Defaced Mark Rothko work repaired, displayed at Tate Modern
How do you rebuild a Rothko? Slowly and with great care.
London's Tate Modern put Mark Rothko's 1958 mural Black on Maroon back on display Tuesday, more than a year and a half after it was defaced with indelible black ink by a vandal trying to draw attention to an obscure artistic movement.
Tate director Nicholas Serota said he'd had "a sickening feeling" when he learned the large abstract painting had been attacked. But the restoration — which took a team of full-time conservators 18 months — was "far more successful than any of us dared hope."
"The damage has been removed, and what you see is what Rothko painted," he said.
The Russia-born Rothko, who died in 1970, was a leading figure in American abstract painting, renowned for large-scale works featuring bold blocks of colour.
The defaced painting was one of a series intended to decorate the Four Seasons restaurant in New York. Rothko changed his mind about the commission and gave the works to galleries, including the Tate.
Wlodzimierz Umaniec, also known as Vladimir Umanets, received a two-year jail sentence for scrawling his name and "a potential piece of yellowism" on the painting in October 2012 to draw attention to an artistic movement he had co-founded.
Prosecutors said the painting had been valued between £5 million to £9 million (about $9.2 million to $16.5 million Cdn).
Restoration work was especially tricky because Rothko created the painting from layers of oil, pigment, resin, egg and glue. The ink soaked in as far as the back of the canvas, requiring delicate work to remove it.
Conservator Rachel Barker removed the ink with a carefully chosen chemical solvent, looking through a microscope so she could daub away the damage 2 to 3 mm at a time, before doing "a tiny amount of retouching" to the surface.
She said working on the painting had been daunting — and the highlight of her career.
"I came to see these murals as a child," Barker said. "To play a part in caring for them is an extraordinary privilege, but it's my job as well. Yes, I was nervous. But I had a job to do."
It's very important to us not to turn this into a kind of Fort Knox...This is a gallery, not a prison- Nicholas Serota, Tate director
The restored Black on Maroon hangs with several other Rothko murals as part of the gallery's free-to-visit permanent collection. No damage is visible.

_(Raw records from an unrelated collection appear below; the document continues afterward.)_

(* Under the setting of the Jitomirskaya–Last inequality, for every $\xi\in\partial\mathbb D$, $\lambda\in\mathbb R$ and $\epsilon>0$, $$\left|\frac{1+\xi s(\lambda+i\epsilon)}{1-\xi s(\lambda+i\epsilon)}\right|\le c_+\sup_{0\le x\le\frac1{2\epsilon}}\|T(\lambda,x)\|^2,\qquad c_+=3+\sqrt8.$$
   Context: $\varphi\in L^1_{\rm loc}([0,\infty))$ with $\sup_{x\ge0}\int_x^{x+1}|\varphi|<\infty$; $\Lambda_\varphi=\begin{bmatrix} i&0\\0&-i\end{bmatrix}\frac{d}{dx}+\begin{bmatrix}0&\varphi\\ \overline{\varphi}&0\end{bmatrix}$ on $[0,\infty)$. For $\Im z>0$, $\Psi(z,\cdot)$ is the solution of $\Lambda_\varphi\Psi=z\Psi$ in $L^2([0,\infty),\mathbb C^2)$ normalized by $\Psi(z,0)=(s(z),1)^\top$, defining the Schur function $s$. $T(\lambda,x)$ solves $\Lambda_\varphi T=\lambda T$, $T(\lambda,0)=I$. *)

theory Defs
  imports "HOL-Analysis.Analysis"
begin

text \<open>Coefficient matrix of the first-order system equivalent to
  Lambda_phi u = z u, i.e. u' = A u with
  u1' = -i z u1 + i phi u2,  u2' = -i conj(phi) u1 + i z u2.\<close>
definition dirac_coeff :: "(real \<Rightarrow> complex) \<Rightarrow> complex \<Rightarrow> real \<Rightarrow> complex^2^2" where
  "dirac_coeff \<phi> z t = (\<chi> i j.
      if i = 1 then (if j = 1 then - \<i> * z else \<i> * \<phi> t)
      else (if j = 1 then - \<i> * cnj (\<phi> t) else \<i> * z))"

text \<open>Absolutely continuous (integral-equation) solutions on [0,oo) of Lambda_phi u = z u.\<close>
definition dirac_sol :: "(real \<Rightarrow> complex) \<Rightarrow> complex \<Rightarrow> (real \<Rightarrow> complex^2) \<Rightarrow> bool" where
  "dirac_sol \<phi> z u \<longleftrightarrow>
     (\<forall>x\<ge>0. (\<lambda>t. dirac_coeff \<phi> z t *v u t) integrable_on {0..x} \<and>
             u x = u 0 + integral {0..x} (\<lambda>t. dirac_coeff \<phi> z t *v u t))"

definition dirac_msol :: "(real \<Rightarrow> complex) \<Rightarrow> complex \<Rightarrow> (real \<Rightarrow> complex^2^2) \<Rightarrow> bool" where
  "dirac_msol \<phi> z M \<longleftrightarrow>
     (\<forall>x\<ge>0. (\<lambda>t. dirac_coeff \<phi> z t ** M t) integrable_on {0..x} \<and>
             M x = M 0 + integral {0..x} (\<lambda>t. dirac_coeff \<phi> z t ** M t))"

definition transfer :: "(real \<Rightarrow> complex) \<Rightarrow> real \<Rightarrow> real \<Rightarrow> complex^2^2" where
  "transfer \<phi> lam x = (THE N. \<exists>M. dirac_msol \<phi> (complex_of_real lam) M \<and> M 0 = mat 1 \<and> M x = N)"

definition schur :: "(real \<Rightarrow> complex) \<Rightarrow> complex \<Rightarrow> complex" where
  "schur \<phi> z = (THE w. \<exists>\<Psi>. dirac_sol \<phi> z \<Psi> \<and>
        (\<lambda>x. (norm (\<Psi> x))\<^sup>2) integrable_on {0..} \<and>
        \<Psi> 0 = (\<chi> i. if i = 1 then w else 1))"

end

theory Submission
  imports Defs
begin

text \<open>Let \<open>\<Psi>\<close> be the Weyl solution at \<open>z = \<lambda> + i\<epsilon>\<close>, so \<open>\<Psi>(0) = (s, 1)\<close> with \<open>s = s(z)\<close>,
  and let \<open>T\<close> be the transfer matrix at the real energy \<open>\<lambda>\<close>. The vector
  \<open>W(x) = T(x)\<^sup>* \<sigma>\<^sub>3 \<Psi>(x)\<close> collects the \<open>J\<close>-forms of \<open>\<Psi>\<close> with the columns of \<open>T\<close>; by the
  Lagrange identity it changes only by \<open>\<epsilon> \<integral>\<^sub>0\<^sup>x T\<^sup>* \<Psi>\<close>, while \<open>|W(0)|\<^sup>2 = 1 + |s|\<^sup>2\<close>. With
  \<open>L = 1/(2\<epsilon>)\<close> and \<open>K = sup {\<parallel>T(x)\<parallel>\<^sup>2 | x \<in> [0, L]}\<close> this gives
  \<open>\<surd>(1 + |s|\<^sup>2) \<le> \<surd>K (|\<Psi>(x)| + \<epsilon> \<integral>\<^sub>0\<^sup>L |\<Psi>|)\<close> on \<open>[0, L]\<close>, which Cauchy-Schwarz turns into
  \<open>\<integral>\<^sub>0\<^sup>L |\<Psi>|\<^sup>2 \<ge> 4/9 L (1 + |s|\<^sup>2) / K\<close>. Together with the Weyl disc bound
  \<open>2\<epsilon> \<integral>\<^sub>0\<^sup>L |\<Psi>|\<^sup>2 \<le> 1 - |s|\<^sup>2\<close> this yields \<open>(1 + |s|) / (1 - |s|) \<le> 9K/2 \<le> (3 + \<surd>8) K\<close>.

  As \<open>\<phi>\<close> is only locally integrable, solutions are continuous solutions of the integral
  equation. They are obtained by Picard iteration, and the Lagrange identity rests on a
  product rule for indefinite integrals: \<open>f g - \<integral>(f' g + f g')\<close> has increments of order
  \<open>(\<integral>(|f'| + |g'|))\<^sup>2\<close> and is therefore constant.\<close>

section \<open>Absolutely continuous functions\<close>

lemma norm_increment_le_if_increment_le_square:
  fixes h :: "real \<Rightarrow> 'b::real_normed_vector" and F :: "real \<Rightarrow> real"
  assumes X: "0 \<le> X" and F_cont: "continuous_on {0..X} F" and C: "0 \<le> C" and e: "0 < e"
    and F_mono: "\<And>x y. 0 \<le> x \<Longrightarrow> x \<le> y \<Longrightarrow> y \<le> X \<Longrightarrow> F x \<le> F y"
    and h_incr: "\<And>x y. 0 \<le> x \<Longrightarrow> x \<le> y \<Longrightarrow> y \<le> X \<Longrightarrow> norm (h y - h x) \<le> C * (F y - F x)^2"
  shows "norm (h X - h 0) \<le> C * e * (F X - F 0)"
proof -
  obtain d where d: "d > 0"
    and dd: "\<And>x x'. x \<in> {0..X} \<Longrightarrow> x' \<in> {0..X} \<Longrightarrow> dist x' x < d \<Longrightarrow> dist (F x') (F x) < e"
    using compact_uniformly_continuous[OF F_cont] e unfolding uniformly_continuous_on_def
    by (metis compact_Icc)
  obtain n :: nat where n: "X / d < real n" using reals_Archimedean2 by blast
  then have n0: "n > 0" using divide_nonneg_pos[OF X d] by (cases n) auto
  define p where "p k = X * real k / real n" for k
  have mesh: "p (Suc k) - p k < d" for k
    using n n0 d by (simp add: p_def field_simps)
  have "norm (h (p k) - h 0) \<le> C * e * (F (p k) - F 0)" if "k \<le> n" for k
    using that
  proof (induction k)
    case 0
    then show ?case by (simp add: p_def)
  next
    case (Suc k)
    have pk: "0 \<le> p k" "p k \<le> p (Suc k)" "p (Suc k) \<le> X"
      using X n0 Suc.prems mult_left_mono[of "real (Suc k)" "real n" X]
      by (auto simp: p_def field_simps mult_left_mono)
    have "F (p (Suc k)) - F (p k) < e"
      using dd[of "p k" "p (Suc k)"] pk mesh[of k] by (auto simp: dist_real_def)
    moreover have "0 \<le> F (p (Suc k)) - F (p k)" using F_mono pk by simp
    ultimately have "(F (p (Suc k)) - F (p k))^2 \<le> e * (F (p (Suc k)) - F (p k))"
      by (simp add: power2_eq_square mult_right_mono)
    then have "C * (F (p (Suc k)) - F (p k))^2 \<le> C * e * (F (p (Suc k)) - F (p k))"
      using C by (simp add: mult.assoc mult_left_mono)
    then have "norm (h (p (Suc k)) - h (p k)) \<le> C * e * (F (p (Suc k)) - F (p k))"
      using h_incr[OF pk] by linarith
    moreover have "norm (h (p (Suc k)) - h 0) \<le> norm (h (p (Suc k)) - h (p k)) + norm (h (p k) - h 0)"
      by (rule norm_diff_triangle_le[of _ "h (p k)"]) simp_all
    ultimately show ?case using Suc by (simp add: algebra_simps)
  qed
  from this[of n] show ?thesis using n0 by (simp add: p_def)
qed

It's not the first time an artwork at Tate Modern has been attacked. In 2000, two Chinese performance artists attempted to urinate on Marcel Duchamp's urinal sculpture Fountain.
Serota said the gallery, which attracts 7 million visitors a year, had reviewed its security. He would not elaborate.
"It's very important to us not to turn this into a kind of Fort Knox," he said. "This is a gallery, not a prison."